Experts: Iran Regime Faces ‘Race Against Time’ Despite Protests Winding Down

The citizens’ anger that fueled the nationwide Iran demonstrations will continue to linger and could erupt again at any time despite the protests winding down at the moment, experts say.

Suzanne Maloney, deputy director of the Foreign Policy program at the Brookings Institution, called the recent rallies “one of the most serious crises Iran has faced in the past 25 years,” Euronews reported.

The mass display of dissent, which resulted in at least 21 deaths and more than 3,700 arrests, appeared to be leaderless and spread without the impetus of any particular opposition group, which is significant, according to Maloney.

“We now see that Iranians are willing to take profound risks to challenge the regime directly in a way we have not seen in years,” the expert said.

Although some have claimed the initial protests may have been initiated by hardline enemies of Rouhani, who is considered a moderate, their proliferation to dozens of cities including Tehran appeared entirely spontaneous.

Many of the activists appeared to be young, disenfranchised working-class Iranians, giving the uprising a wholly different tenor to the Green Movement of 2009, which saw millions take to the streets and was driven by the middle classes before it was crushed.

Also, many ordinary Iranians feel that the economic benefits they were promised following the U.S.-backed nuclear deal of 2015 failed to trickle down into their pockets. Alongside high youth unemployment and inflation, this seems to be one of the main drivers of the unrest.

“The Iranian government dodged a bullet, thus far. Now it’s a race against time for the government,” said Holly Dagres, a Middle East analyst and curator of The Iranist newsletter. “Very real grievances remain and they will need to be addressed in real-world terms. If they don’t, expect protests to flare up again and who knows what that will lead to.”

Both Rouhani and Khamenei have acknowledged the protesters’ right to be heard. The latter, the figurehead of the country’s conservative clerical elite, even conceded: “We must listen, we must hear. We must provide answers within our means,” according to Reuters.

But the supreme leader also blamed the U.S. and its arch regional enemy, Saudi Arabia, for helping foment the protests’ most violent aspects. And many Western analysts say that the regime — both moderates and hardliners — need to back up their words if they are to appease their simmering population in the long term.

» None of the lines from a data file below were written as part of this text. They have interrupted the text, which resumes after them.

(* Let $\mathbb{C}$ be a locally small category and $\mathbb{C}_{\mathit{fin}}$ a full subcategory satisfying (C1)–(C5) below. Let $\mathbb{A}$ be a full subcategory of $\mathbb{C}_{\mathit{fin}}$ and let $F\in\mathrm{Ob}(\mathbb{C})$ be universal and locally finite for $\mathbb{A}$. If $\mathbb{A}$ has finite Ramsey degrees, then for every $A\in\mathrm{Ob}(\mathbb{A})$ there exists an essential coloring $\gamma_A:\hom(A,F)\to\{0,\dots,t_{\mathbb{A}}(A)-1\}$.
   Context: Write $A\to B$ if $\hom(A,B)\ne\varnothing$. Conditions: (C1) all morphisms of $\mathbb{C}$ are monomorphisms; (C2) $\mathrm{Ob}(\mathbb{C}_{\mathit{fin}})$ is a set; (C3) $\hom(A,B)$ is finite for $A,B\in\mathrm{Ob}(\mathbb{C}_{\mathit{fin}})$; (C4) for every $F\in\mathrm{Ob}(\mathbb{C})$ there is $A\in\mathrm{Ob}(\mathbb{C}_{\mathit{fin}})$ with $A\to F$; (C5) for every $B\in\mathrm{Ob}(\mathbb{C}_{\mathit{fin}})$ the set $\{A\in\mathrm{Ob}(\mathbb{C}_{\mathit{fin}}):A\to B\}$ is finite. $F$ is universal for $\mathbb{A}$ if $A\to F$ for all $A\in\mathrm{Ob}(\mathbb{A})$. $F$ is locally finite for $\mathbb{A}$ if for all $A,B\in\mathrm{Ob}(\mathbb{A})$, $e\in\hom(A,F)$, $f\in\hom(B,F)$ there exist $D\in\mathrm{Ob}(\mathbb{A})$, $r\in\hom(D,F)$, $p\in\hom(A,D)$, $q\in\hom(B,D)$ with $r\cdot p=e$, $r\cdot q=f$, such that for every $H\in\mathrm{Ob}(\mathbb{C})$, $r'\in\hom(H,F)$, $p'\in\hom(A,H)$, $q'\in\hom(B,H)$ with $r'\cdot p'=e$, $r'\cdot q'=f$ there is $s\in\hom(D,H)$ with $r'\cdot s=r$, $s\cdot p=p'$, $s\cdot q=q'$. $C\to(B)^A_{k,t}$ means that for every $\chi:\hom(A,C)\to\{0,\dots,k-1\}$ there is $w\in\hom(B,C)$ with $|\chi(w\cdot\hom(A,B))|\le t$. $t_{\mathbb{A}}(A)$ is the least positive $n$ such that for all $k\ge2$ and all $B\in\mathrm{Ob}(\mathbb{A})$ there is $C\in\mathrm{Ob}(\mathbb{A})$ with $C\to(B)^A_{k,n}$, and $\infty$ otherwise; $\mathbb{A}$ has finite Ramsey degrees if $t_{\mathbb{A}}(A)<\infty$ for all $A$. For $\chi:\hom(A,F)\to\{0,\dots,k-1\}$ and $w\in\hom(B,F)$, $\chi^{(w)}(f)=\chi(w\cdot f)$; $\ker g=\{(x,y):g(x)=g(y)\}$. For a positive integer $t$, a coloring $\lambda:\hom(A,B)\to\{0,\dots,t-1\}$ is essential at $B$ if for every $k\ge2$ and every $\chi:\hom(A,F)\to\{0,\dots,k-1\}$ there is $w\in\hom(B,F)$ with $\ker\lambda\subseteq\ker\chi^{(w)}$; a coloring $\gamma:\hom(A,F)\to\{0,\dots,t-1\}$ is essential if $\gamma^{(w)}$ is essential at $B$ for every $B\in\mathrm{Ob}(\mathbb{A})$ with $A\to B$ and every $w\in\hom(B,F)$. *)

theory Defs
  imports Main "HOL-Library.Extended_Nat"
begin

text \<open>A category given by a set of objects, hom-sets, composition (comp g f = g \<cdot> f,
 first f then g) and identities. Locally small: hom-sets are sets (automatic in HOL).\<close>

record ('o, 'm) cat =
  Obj :: "'o set"
  Hom :: "'o \<Rightarrow> 'o \<Rightarrow> 'm set"
  Comp :: "'m \<Rightarrow> 'm \<Rightarrow> 'm"
  Ide :: "'o \<Rightarrow> 'm"
lemma hyperplane_delete_iff:
  assumes full: "rk I (E - D) = rk I E" and K: "K \<subseteq> E - D"
  shows "hyperplane (E - D) (delete_indep I D) K \<longleftrightarrow> hyperplane E I (cl K) \<and> cl K - D = K"
proof -
  let ?r = "rk (delete_indep I D)"
  have r: "?r X = rk I X" if "X \<subseteq> E - D" for X using rk_delete that by blast
  have KE: "K \<subseteq> E" using K by auto
  have rank: "Suc (?r K) = ?r (E - D) \<longleftrightarrow> Suc (rk I (cl K)) = rk I E"
    using r[OF K] r[of "E - D"] full rk_cl[OF KE] by auto
  have "?r K < ?r (insert x K) \<longleftrightarrow> x \<notin> cl K" if "x \<in> E - D - K" for x
  proof -
    have "insert x K \<subseteq> E - D" using that K by auto
    hence "?r K < ?r (insert x K) \<longleftrightarrow> rk I K < rk I (insert x K)" using r[OF K] r by presburger
    thus ?thesis using that rk_insert_not_cl[of x K] mem_cl_iff by auto
  qed
  hence "is_flat (E - D) (delete_indep I D) K \<longleftrightarrow> (\<forall>x\<in>E - D - K. x \<notin> cl K)"
    unfolding is_flat_def using K by blast
  hence flat: "is_flat (E - D) (delete_indep I D) K \<longleftrightarrow> cl K - D = K"
    using subset_cl[OF KE] K cl_subset_ground by blast
  show ?thesis unfolding hyperplane_def using rank flat flat_cl[OF KE] by blast
qed

end

section \<open>Binary matroids\<close>

definition gf2_sum :: "('a \<Rightarrow> nat \<Rightarrow> bool) \<Rightarrow> 'a set \<Rightarrow> nat \<Rightarrow> bool" where
  "gf2_sum v Y = (\<lambda>i. odd (card {y\<in>Y. v y i}))"

lemma gf2_sum_symdiff:
  assumes "finite A" "finite B"
  shows "gf2_sum v (symdiff A B) = (\<lambda>i. gf2_sum v A i \<noteq> gf2_sum v B i)"
proof
  fix i
  let ?A = "{y\<in>A. v y i}" and ?B = "{y\<in>B. v y i}"
  have fin: "finite ?A" "finite ?B" using assms by auto
  have "{y \<in> symdiff A B. v y i} = (?A \<union> ?B) - (?A \<inter> ?B)" unfolding symdiff_def by auto
  moreover have "card ((?A \<union> ?B) - (?A \<inter> ?B)) = card (?A \<union> ?B) - card (?A \<inter> ?B)"
    using fin by (intro card_Diff_subset) auto
  moreover have "card (?A \<inter> ?B) \<le> card (?A \<union> ?B)" using fin by (intro card_mono) auto
  ultimately have "card {y \<in> symdiff A B. v y i} + 2 * card (?A \<inter> ?B) = card ?A + card ?B"
    using card_Un_Int[OF fin] by simp
  thus "gf2_sum v (symdiff A B) i = (gf2_sum v A i \<noteq> gf2_sum v B i)"
    unfolding gf2_sum_def by presburger
qed

lemma gf2_sum_insert:
  assumes "finite Y" "x \<notin> Y"
  shows "gf2_sum v (insert x Y) = (\<lambda>i. gf2_sum v Y i \<noteq> v x i)"
proof
  fix i
  have "{y \<in> insert x Y. v y i} = (if v x i then insert x {y\<in>Y. v y i} else {y\<in>Y. v y i})"
    by auto
  thus "gf2_sum v (insert x Y) i = (gf2_sum v Y i \<noteq> v x i)" using assms by (simp add: gf2_sum_def)
qed

lemma gf2_sum_empty: "gf2_sum v {} = (\<lambda>i. False)"
  by (simp add: gf2_sum_def)

lemma gf2_sum_singleton: "gf2_sum v {x} = v x"
  using gf2_sum_insert[of "{}" x v] by (simp add: gf2_sum_empty)

lemma gf2_sum_in_subset_sums:
  assumes "finite J" "finite W" "\<forall>w\<in>W. v w \<in> gf2_sum v ` Pow J"
  shows "gf2_sum v W \<in> gf2_sum v ` Pow J"
  using assms(2,3)
proof (induction W rule: finite_induct)
  case empty
  have "gf2_sum v {} = gf2_sum v {}" ..
  thus ?case by blast
next
  case (insert w W)
  obtain Z1 Z2 where "Z1 \<subseteq> J" "gf2_sum v Z1 = gf2_sum v W" "Z2 \<subseteq> J" "gf2_sum v Z2 = v w"
    using insert by auto
  moreover have "finite Z1" "finite Z2"
    using finite_subset[OF \<open>Z1 \<subseteq> J\<close> assms(1)] finite_subset[OF \<open>Z2 \<subseteq> J\<close> assms(1)] .
  ultimately have "gf2_sum v (symdiff Z1 Z2) = gf2_sum v (insert w W)"
    using gf2_sum_symdiff[of Z1 Z2 v] gf2_sum_insert[OF insert.hyps(1,2)] by simp
  moreover have "symdiff Z1 Z2 \<subseteq> J" using \<open>Z1 \<subseteq> J\<close> \<open>Z2 \<subseteq> J\<close> unfolding symdiff_def by auto
  ultimately show ?case by (metis PowI image_eqI)
qed

locale binary_matroid = finite_matroid +
  fixes v :: "'a \<Rightarrow> nat \<Rightarrow> bool"
  assumes indep_iff: "I X \<longleftrightarrow> X \<subseteq> E \<and> (\<forall>Y\<subseteq>X. Y \<noteq> {} \<longrightarrow> gf2_sum v Y \<noteq> (\<lambda>i. False))"
begin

“Without addressing the main drivers of these protests, the Iranian leaders are buying time until the next one,” said Ali Vaez, director of the Iran Project at the International Crisis Group, a non-profit organization working to prevent wars.

Siavush Randjbar-Daemi, a lecturer in Iranian history at Britain’s University of Manchester, predicted “a very, very testing next few months” for the regime.

“On the one hand it has succeeded in preventing these protests getting out of hand and contained them to a great extent and they did not achieve critical mass in terms of numbers,” Randjbar-Daemi said. “However, I do not think the feeling of dissent toward the regime and level of disgust for the political and economic situation has gone away.”